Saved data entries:
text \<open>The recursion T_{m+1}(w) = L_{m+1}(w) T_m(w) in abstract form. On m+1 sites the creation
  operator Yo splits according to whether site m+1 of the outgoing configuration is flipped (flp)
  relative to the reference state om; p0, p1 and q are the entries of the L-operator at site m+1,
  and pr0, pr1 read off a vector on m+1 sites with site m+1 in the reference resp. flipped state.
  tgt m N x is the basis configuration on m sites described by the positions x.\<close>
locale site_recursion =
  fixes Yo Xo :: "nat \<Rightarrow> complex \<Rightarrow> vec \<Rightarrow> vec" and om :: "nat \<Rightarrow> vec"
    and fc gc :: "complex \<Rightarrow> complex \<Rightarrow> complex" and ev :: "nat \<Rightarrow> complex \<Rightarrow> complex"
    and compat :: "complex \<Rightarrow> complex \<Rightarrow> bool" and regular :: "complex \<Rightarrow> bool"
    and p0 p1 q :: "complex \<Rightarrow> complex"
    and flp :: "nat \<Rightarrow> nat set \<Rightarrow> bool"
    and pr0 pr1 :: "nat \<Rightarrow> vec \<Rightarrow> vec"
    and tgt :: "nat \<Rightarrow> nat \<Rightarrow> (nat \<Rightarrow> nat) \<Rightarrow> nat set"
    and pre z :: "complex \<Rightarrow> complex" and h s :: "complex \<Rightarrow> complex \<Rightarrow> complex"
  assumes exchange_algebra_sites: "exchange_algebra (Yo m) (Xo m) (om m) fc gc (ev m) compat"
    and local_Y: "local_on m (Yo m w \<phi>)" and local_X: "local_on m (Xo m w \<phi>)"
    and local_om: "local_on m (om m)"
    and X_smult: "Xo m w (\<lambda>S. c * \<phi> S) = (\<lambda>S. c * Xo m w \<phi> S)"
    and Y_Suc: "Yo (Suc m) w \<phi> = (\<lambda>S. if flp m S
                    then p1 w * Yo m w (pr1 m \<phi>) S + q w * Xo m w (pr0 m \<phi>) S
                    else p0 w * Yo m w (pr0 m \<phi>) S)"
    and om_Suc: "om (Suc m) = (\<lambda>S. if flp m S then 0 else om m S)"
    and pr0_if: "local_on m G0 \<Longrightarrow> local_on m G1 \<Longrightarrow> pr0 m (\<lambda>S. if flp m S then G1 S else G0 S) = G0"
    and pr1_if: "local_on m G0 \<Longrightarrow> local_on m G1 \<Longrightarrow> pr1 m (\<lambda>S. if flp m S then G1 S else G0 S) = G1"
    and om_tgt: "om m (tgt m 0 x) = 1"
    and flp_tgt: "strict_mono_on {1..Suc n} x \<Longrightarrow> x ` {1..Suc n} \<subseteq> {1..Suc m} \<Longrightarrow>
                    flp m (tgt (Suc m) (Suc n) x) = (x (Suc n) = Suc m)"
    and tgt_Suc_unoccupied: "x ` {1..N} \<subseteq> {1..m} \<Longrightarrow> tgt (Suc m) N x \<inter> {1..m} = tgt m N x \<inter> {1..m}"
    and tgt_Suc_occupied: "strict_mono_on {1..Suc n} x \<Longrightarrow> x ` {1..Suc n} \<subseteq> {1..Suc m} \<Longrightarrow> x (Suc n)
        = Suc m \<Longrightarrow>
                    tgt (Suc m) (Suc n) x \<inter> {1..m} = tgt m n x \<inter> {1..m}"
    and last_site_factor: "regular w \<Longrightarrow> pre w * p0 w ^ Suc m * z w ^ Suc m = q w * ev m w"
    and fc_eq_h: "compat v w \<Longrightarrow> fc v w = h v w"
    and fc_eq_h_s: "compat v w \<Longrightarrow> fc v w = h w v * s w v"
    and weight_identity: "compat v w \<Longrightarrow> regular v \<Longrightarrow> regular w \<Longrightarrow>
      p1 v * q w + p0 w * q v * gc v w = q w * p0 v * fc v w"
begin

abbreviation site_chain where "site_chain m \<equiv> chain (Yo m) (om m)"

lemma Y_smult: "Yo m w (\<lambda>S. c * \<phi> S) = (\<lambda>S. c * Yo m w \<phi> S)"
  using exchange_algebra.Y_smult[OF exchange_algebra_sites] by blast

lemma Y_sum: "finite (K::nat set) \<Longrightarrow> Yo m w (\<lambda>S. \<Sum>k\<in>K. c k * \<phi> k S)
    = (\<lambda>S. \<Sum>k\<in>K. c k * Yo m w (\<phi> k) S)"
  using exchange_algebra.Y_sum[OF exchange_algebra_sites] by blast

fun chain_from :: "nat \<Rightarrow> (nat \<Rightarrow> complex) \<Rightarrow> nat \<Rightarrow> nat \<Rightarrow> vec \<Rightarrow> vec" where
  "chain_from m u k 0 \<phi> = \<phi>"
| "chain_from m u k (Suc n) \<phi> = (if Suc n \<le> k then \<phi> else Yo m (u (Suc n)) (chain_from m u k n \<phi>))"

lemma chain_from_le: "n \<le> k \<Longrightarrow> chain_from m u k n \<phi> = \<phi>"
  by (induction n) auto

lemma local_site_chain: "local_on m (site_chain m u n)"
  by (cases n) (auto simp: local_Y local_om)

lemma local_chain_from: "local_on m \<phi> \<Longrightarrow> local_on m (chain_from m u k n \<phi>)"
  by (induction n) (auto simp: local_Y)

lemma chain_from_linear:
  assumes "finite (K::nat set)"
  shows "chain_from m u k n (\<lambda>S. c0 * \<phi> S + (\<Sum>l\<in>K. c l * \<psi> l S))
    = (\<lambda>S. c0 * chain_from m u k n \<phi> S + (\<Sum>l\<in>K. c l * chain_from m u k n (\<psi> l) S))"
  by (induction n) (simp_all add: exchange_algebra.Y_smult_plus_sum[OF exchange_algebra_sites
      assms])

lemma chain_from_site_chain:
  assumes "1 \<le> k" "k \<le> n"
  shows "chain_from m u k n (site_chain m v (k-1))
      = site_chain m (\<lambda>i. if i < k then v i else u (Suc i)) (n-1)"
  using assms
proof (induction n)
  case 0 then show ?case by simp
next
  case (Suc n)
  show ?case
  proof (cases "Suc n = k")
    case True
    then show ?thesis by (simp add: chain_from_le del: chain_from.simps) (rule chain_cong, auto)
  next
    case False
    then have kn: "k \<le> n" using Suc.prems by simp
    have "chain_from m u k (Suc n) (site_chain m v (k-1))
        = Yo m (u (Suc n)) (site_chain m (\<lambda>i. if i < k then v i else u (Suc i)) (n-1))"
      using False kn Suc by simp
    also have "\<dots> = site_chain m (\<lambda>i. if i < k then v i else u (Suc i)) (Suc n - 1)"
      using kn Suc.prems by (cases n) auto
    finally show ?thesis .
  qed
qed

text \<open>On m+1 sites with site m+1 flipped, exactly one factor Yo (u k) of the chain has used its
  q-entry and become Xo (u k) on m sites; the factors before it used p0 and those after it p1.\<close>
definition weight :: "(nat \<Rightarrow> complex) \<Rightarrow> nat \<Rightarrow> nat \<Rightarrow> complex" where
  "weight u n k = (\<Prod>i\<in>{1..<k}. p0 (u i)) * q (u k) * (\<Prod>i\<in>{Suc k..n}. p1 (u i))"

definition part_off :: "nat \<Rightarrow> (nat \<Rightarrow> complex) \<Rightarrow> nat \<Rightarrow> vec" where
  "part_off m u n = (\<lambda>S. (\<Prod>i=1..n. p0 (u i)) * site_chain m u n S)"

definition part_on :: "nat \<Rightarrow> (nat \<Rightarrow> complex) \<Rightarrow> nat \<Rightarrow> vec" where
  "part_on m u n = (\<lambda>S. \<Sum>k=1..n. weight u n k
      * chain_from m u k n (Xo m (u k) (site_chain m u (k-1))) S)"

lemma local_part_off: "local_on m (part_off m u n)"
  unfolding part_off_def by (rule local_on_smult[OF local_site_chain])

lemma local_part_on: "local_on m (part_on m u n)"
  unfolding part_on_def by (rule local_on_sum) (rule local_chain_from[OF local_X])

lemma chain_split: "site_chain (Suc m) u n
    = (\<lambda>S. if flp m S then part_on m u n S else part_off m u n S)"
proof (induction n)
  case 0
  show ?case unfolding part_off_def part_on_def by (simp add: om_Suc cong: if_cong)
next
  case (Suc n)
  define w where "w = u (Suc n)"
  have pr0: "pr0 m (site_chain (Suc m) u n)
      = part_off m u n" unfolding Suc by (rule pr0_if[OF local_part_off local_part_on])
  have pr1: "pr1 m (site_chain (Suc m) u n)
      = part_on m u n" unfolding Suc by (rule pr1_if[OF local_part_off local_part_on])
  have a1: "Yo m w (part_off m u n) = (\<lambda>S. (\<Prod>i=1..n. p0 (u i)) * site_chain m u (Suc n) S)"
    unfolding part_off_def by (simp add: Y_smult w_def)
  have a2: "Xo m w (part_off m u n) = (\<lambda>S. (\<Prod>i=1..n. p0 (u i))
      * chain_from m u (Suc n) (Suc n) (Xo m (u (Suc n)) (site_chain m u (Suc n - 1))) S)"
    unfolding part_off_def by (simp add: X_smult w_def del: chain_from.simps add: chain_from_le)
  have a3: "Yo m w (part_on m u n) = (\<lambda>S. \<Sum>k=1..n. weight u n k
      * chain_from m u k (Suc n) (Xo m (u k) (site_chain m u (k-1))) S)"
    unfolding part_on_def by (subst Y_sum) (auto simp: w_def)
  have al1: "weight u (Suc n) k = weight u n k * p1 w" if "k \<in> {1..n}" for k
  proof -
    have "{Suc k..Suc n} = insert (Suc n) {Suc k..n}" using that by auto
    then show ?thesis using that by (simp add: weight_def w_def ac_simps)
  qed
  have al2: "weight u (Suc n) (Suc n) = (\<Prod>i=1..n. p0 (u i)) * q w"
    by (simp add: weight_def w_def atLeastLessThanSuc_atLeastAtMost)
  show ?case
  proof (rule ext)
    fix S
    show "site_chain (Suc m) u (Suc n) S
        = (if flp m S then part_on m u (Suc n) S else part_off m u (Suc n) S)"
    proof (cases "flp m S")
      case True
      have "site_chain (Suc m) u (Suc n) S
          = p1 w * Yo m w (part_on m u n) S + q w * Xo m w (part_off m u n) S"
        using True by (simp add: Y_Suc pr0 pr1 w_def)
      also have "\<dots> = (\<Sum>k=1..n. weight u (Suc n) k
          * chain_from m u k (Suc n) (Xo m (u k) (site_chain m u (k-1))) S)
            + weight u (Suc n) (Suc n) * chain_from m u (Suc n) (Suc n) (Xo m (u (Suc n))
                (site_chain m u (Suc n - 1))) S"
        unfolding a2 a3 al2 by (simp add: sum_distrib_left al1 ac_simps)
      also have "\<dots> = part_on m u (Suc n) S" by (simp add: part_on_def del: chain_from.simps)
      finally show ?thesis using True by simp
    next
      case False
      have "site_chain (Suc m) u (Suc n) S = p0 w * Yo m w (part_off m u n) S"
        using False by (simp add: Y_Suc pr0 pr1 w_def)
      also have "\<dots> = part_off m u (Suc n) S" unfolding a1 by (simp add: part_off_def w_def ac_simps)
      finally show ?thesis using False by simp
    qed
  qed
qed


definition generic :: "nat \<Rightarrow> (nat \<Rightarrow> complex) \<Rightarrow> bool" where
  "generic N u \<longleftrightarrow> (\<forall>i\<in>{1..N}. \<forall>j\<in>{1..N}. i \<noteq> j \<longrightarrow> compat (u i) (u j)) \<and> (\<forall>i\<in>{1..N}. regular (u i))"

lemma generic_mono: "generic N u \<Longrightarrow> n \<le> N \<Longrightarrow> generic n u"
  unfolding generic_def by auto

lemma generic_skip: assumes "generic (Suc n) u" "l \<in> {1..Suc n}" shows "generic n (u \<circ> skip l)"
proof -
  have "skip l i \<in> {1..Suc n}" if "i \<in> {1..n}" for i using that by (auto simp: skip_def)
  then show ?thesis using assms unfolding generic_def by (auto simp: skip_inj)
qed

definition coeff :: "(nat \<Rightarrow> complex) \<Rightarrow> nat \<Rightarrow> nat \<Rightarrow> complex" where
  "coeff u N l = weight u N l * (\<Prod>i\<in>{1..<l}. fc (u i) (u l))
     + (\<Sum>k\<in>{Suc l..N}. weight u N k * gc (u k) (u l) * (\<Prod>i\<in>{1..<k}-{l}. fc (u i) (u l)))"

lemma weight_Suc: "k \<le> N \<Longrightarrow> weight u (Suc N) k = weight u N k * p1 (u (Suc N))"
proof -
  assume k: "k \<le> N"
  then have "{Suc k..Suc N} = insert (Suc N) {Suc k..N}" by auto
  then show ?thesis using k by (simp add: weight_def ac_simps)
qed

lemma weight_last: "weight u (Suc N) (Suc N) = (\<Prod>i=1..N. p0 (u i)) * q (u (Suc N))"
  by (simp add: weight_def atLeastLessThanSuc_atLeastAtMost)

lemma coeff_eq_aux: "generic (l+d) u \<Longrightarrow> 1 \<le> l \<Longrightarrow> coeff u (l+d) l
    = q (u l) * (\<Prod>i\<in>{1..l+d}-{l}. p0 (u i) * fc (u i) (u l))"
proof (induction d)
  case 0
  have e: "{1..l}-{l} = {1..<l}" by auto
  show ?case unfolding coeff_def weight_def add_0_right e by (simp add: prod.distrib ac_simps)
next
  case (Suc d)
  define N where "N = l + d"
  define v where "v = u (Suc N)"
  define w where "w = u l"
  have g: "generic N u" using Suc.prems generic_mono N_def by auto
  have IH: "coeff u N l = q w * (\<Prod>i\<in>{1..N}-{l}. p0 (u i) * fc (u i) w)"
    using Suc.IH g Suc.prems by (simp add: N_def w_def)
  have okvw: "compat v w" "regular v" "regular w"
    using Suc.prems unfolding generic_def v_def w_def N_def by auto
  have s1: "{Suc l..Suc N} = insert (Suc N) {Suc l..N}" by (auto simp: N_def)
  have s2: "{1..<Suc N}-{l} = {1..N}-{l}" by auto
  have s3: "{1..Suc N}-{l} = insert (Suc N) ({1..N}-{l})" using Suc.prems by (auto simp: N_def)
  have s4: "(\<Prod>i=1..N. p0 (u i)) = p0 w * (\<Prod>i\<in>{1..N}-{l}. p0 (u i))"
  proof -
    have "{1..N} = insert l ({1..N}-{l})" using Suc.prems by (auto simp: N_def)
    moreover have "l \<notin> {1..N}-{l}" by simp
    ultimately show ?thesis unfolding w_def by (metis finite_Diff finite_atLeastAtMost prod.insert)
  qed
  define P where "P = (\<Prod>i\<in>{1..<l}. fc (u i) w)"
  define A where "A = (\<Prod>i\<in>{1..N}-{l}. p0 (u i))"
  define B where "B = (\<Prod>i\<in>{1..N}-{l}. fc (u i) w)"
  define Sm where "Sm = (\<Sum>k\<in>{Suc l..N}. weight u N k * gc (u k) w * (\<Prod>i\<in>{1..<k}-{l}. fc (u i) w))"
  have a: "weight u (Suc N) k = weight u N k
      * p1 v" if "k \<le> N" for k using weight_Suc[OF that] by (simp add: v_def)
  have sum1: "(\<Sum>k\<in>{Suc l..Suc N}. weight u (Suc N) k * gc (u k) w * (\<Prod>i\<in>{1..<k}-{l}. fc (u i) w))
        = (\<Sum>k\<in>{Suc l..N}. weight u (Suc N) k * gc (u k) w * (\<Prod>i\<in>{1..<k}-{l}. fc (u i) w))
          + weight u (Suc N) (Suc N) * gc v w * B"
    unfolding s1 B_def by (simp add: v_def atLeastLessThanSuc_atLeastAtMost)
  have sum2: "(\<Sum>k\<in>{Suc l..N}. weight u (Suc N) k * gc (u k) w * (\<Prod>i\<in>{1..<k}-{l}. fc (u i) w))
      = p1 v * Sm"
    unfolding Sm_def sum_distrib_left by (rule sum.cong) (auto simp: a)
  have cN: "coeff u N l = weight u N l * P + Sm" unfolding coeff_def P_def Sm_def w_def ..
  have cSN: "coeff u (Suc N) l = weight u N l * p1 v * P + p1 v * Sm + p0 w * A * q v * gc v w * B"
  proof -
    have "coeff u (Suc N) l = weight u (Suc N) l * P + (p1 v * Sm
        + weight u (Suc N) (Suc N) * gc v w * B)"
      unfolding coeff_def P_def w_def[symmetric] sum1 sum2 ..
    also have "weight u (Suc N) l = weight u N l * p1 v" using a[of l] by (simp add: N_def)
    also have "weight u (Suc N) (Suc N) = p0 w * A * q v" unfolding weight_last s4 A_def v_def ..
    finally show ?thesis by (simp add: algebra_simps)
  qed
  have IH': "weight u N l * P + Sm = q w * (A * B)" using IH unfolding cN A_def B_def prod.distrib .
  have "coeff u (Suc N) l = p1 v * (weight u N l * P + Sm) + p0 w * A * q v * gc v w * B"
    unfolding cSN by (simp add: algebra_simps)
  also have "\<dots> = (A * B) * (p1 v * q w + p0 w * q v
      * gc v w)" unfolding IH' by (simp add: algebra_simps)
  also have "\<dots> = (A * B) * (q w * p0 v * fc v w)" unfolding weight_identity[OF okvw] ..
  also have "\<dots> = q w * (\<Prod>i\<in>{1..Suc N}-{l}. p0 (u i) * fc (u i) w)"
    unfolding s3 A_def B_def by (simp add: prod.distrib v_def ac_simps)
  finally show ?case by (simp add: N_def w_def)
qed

==

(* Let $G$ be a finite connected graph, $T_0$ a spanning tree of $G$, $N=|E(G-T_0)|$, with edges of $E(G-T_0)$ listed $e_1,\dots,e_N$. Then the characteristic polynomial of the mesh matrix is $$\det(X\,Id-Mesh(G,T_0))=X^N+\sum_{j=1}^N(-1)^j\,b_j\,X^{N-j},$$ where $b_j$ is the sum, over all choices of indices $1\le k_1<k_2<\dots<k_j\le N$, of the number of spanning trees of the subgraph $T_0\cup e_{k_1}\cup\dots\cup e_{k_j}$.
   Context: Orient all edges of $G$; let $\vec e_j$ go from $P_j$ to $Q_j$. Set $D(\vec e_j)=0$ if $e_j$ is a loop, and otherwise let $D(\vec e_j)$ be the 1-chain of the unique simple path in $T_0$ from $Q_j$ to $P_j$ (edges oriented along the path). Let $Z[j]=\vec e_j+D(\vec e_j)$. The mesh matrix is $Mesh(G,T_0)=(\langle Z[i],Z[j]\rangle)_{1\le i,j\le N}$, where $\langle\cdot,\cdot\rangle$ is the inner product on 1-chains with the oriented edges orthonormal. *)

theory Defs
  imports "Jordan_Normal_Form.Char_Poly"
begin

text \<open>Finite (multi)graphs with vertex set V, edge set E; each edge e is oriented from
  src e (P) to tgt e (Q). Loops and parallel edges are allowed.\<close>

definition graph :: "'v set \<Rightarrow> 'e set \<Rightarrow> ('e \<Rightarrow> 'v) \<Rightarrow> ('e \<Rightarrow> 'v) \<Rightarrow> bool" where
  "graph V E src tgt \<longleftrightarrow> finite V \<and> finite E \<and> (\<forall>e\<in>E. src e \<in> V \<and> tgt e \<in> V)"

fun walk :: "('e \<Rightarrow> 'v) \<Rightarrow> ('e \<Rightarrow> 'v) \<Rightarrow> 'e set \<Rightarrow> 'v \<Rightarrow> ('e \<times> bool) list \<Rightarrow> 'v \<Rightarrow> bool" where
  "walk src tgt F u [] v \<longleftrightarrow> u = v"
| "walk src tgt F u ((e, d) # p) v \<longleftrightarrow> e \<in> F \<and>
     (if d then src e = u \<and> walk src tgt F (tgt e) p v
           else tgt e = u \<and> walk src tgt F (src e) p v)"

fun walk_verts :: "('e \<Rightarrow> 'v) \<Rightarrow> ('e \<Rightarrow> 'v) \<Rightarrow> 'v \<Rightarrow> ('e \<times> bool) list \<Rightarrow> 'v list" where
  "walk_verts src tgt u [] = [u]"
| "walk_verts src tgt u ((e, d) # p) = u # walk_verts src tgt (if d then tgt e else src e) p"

...

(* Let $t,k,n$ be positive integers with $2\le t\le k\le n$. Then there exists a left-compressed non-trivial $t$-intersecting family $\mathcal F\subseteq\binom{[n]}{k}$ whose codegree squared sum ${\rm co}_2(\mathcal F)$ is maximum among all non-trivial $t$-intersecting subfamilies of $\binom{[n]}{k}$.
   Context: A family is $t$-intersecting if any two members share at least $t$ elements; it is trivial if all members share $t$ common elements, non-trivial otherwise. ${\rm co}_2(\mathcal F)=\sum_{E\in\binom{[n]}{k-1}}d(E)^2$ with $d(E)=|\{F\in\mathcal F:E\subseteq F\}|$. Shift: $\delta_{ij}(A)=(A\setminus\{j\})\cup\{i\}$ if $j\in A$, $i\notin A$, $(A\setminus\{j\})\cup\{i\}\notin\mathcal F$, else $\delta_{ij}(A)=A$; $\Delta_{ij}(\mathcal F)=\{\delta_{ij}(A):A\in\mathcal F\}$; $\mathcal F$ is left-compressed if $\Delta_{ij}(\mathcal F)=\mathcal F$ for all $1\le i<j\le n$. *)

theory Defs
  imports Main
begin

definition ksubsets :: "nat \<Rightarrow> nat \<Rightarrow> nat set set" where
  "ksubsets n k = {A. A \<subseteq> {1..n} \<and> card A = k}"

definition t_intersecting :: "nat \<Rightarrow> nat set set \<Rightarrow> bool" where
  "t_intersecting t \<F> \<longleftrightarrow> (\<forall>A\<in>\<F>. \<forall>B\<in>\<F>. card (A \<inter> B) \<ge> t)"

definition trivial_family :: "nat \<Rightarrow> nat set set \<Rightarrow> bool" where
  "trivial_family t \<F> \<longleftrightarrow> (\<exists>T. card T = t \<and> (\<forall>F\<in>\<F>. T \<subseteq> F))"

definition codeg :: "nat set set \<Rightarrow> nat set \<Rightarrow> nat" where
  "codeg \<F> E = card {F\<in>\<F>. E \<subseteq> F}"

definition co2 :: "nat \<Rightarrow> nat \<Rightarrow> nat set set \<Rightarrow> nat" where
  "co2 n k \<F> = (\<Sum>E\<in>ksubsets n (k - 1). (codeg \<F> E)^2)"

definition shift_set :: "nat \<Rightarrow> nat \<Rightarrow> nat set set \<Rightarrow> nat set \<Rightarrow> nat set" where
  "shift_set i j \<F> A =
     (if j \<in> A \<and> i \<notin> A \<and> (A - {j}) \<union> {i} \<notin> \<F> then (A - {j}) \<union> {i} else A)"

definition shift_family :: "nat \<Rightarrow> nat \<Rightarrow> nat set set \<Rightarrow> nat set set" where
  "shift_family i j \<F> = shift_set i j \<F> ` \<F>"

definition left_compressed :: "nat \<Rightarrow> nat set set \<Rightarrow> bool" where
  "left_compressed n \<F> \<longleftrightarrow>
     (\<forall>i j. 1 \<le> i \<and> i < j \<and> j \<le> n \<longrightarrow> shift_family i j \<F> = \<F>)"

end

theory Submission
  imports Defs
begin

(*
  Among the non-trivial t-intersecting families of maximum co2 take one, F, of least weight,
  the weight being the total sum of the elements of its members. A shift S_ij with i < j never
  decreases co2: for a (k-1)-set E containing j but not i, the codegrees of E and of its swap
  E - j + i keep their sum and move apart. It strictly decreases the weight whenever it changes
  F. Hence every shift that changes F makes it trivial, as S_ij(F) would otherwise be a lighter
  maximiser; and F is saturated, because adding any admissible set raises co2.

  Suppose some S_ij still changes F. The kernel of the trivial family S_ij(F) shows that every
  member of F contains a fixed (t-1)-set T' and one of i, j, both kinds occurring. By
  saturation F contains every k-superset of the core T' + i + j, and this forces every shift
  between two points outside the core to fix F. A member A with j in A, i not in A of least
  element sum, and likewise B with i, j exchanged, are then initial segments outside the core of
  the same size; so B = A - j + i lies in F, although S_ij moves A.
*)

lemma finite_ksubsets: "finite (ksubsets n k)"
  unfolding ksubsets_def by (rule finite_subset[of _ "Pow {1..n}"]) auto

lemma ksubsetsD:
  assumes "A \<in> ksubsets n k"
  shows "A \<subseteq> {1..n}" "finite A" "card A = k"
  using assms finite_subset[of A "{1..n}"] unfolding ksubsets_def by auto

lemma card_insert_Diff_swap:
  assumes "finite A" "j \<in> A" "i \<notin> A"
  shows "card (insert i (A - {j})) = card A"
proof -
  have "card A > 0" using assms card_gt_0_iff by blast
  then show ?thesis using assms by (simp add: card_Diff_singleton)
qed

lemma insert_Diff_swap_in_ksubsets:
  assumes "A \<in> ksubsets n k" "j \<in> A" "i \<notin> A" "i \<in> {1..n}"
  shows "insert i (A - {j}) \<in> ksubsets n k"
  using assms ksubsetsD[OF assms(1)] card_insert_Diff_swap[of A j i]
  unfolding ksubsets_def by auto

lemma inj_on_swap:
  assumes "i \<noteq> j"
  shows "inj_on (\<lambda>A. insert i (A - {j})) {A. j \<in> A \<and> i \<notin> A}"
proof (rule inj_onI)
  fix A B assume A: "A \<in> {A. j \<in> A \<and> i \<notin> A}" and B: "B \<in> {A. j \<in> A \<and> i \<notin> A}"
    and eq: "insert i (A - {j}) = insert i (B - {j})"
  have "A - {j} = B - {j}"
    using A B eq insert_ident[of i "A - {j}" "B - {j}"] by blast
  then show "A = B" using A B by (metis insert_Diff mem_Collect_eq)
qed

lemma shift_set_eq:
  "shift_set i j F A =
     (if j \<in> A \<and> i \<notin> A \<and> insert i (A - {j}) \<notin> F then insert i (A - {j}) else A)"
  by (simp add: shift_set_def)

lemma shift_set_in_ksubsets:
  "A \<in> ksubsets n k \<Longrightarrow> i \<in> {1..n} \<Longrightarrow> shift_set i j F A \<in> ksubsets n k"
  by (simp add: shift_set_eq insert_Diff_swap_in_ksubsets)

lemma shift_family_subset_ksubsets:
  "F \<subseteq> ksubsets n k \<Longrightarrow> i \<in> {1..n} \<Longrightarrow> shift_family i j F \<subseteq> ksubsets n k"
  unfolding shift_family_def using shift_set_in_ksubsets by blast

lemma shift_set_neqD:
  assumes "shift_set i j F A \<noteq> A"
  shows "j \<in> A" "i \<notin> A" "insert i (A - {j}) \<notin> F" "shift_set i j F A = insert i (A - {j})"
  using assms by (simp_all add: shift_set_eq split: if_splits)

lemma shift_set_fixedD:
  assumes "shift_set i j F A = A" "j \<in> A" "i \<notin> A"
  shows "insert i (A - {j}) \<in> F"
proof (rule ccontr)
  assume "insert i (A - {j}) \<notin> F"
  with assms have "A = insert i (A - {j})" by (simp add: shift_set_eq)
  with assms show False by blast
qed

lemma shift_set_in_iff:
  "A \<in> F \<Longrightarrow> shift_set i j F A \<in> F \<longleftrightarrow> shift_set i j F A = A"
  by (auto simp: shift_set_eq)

Exercise prompt:
Reproduce exactly the section above that begins at the line containing "Context: Orient all" and ends at the line containing "u # walk_verts", leaving out all other lines.

Reply to the exercise:
   Context: Orient all edges of $G$; let $\vec e_j$ go from $P_j$ to $Q_j$. Set $D(\vec e_j)=0$ if $e_j$ is a loop, and otherwise let $D(\vec e_j)$ be the 1-chain of the unique simple path in $T_0$ from $Q_j$ to $P_j$ (edges oriented along the path). Let $Z[j]=\vec e_j+D(\vec e_j)$. The mesh matrix is $Mesh(G,T_0)=(\langle Z[i],Z[j]\rangle)_{1\le i,j\le N}$, where $\langle\cdot,\cdot\rangle$ is the inner product on 1-chains with the oriented edges orthonormal. *)

theory Defs
  imports "Jordan_Normal_Form.Char_Poly"
begin

text \<open>Finite (multi)graphs with vertex set V, edge set E; each edge e is oriented from
  src e (P) to tgt e (Q). Loops and parallel edges are allowed.\<close>

definition graph :: "'v set \<Rightarrow> 'e set \<Rightarrow> ('e \<Rightarrow> 'v) \<Rightarrow> ('e \<Rightarrow> 'v) \<Rightarrow> bool" where
  "graph V E src tgt \<longleftrightarrow> finite V \<and> finite E \<and> (\<forall>e\<in>E. src e \<in> V \<and> tgt e \<in> V)"

fun walk :: "('e \<Rightarrow> 'v) \<Rightarrow> ('e \<Rightarrow> 'v) \<Rightarrow> 'e set \<Rightarrow> 'v \<Rightarrow> ('e \<times> bool) list \<Rightarrow> 'v \<Rightarrow> bool" where
  "walk src tgt F u [] v \<longleftrightarrow> u = v"
| "walk src tgt F u ((e, d) # p) v \<longleftrightarrow> e \<in> F \<and>
     (if d then src e = u \<and> walk src tgt F (tgt e) p v
           else tgt e = u \<and> walk src tgt F (src e) p v)"

fun walk_verts :: "('e \<Rightarrow> 'v) \<Rightarrow> ('e \<Rightarrow> 'v) \<Rightarrow> 'v \<Rightarrow> ('e \<times> bool) list \<Rightarrow> 'v list" where
  "walk_verts src tgt u [] = [u]"
| "walk_verts src tgt u ((e, d) # p) = u # walk_verts src tgt (if d then tgt e else src e) p"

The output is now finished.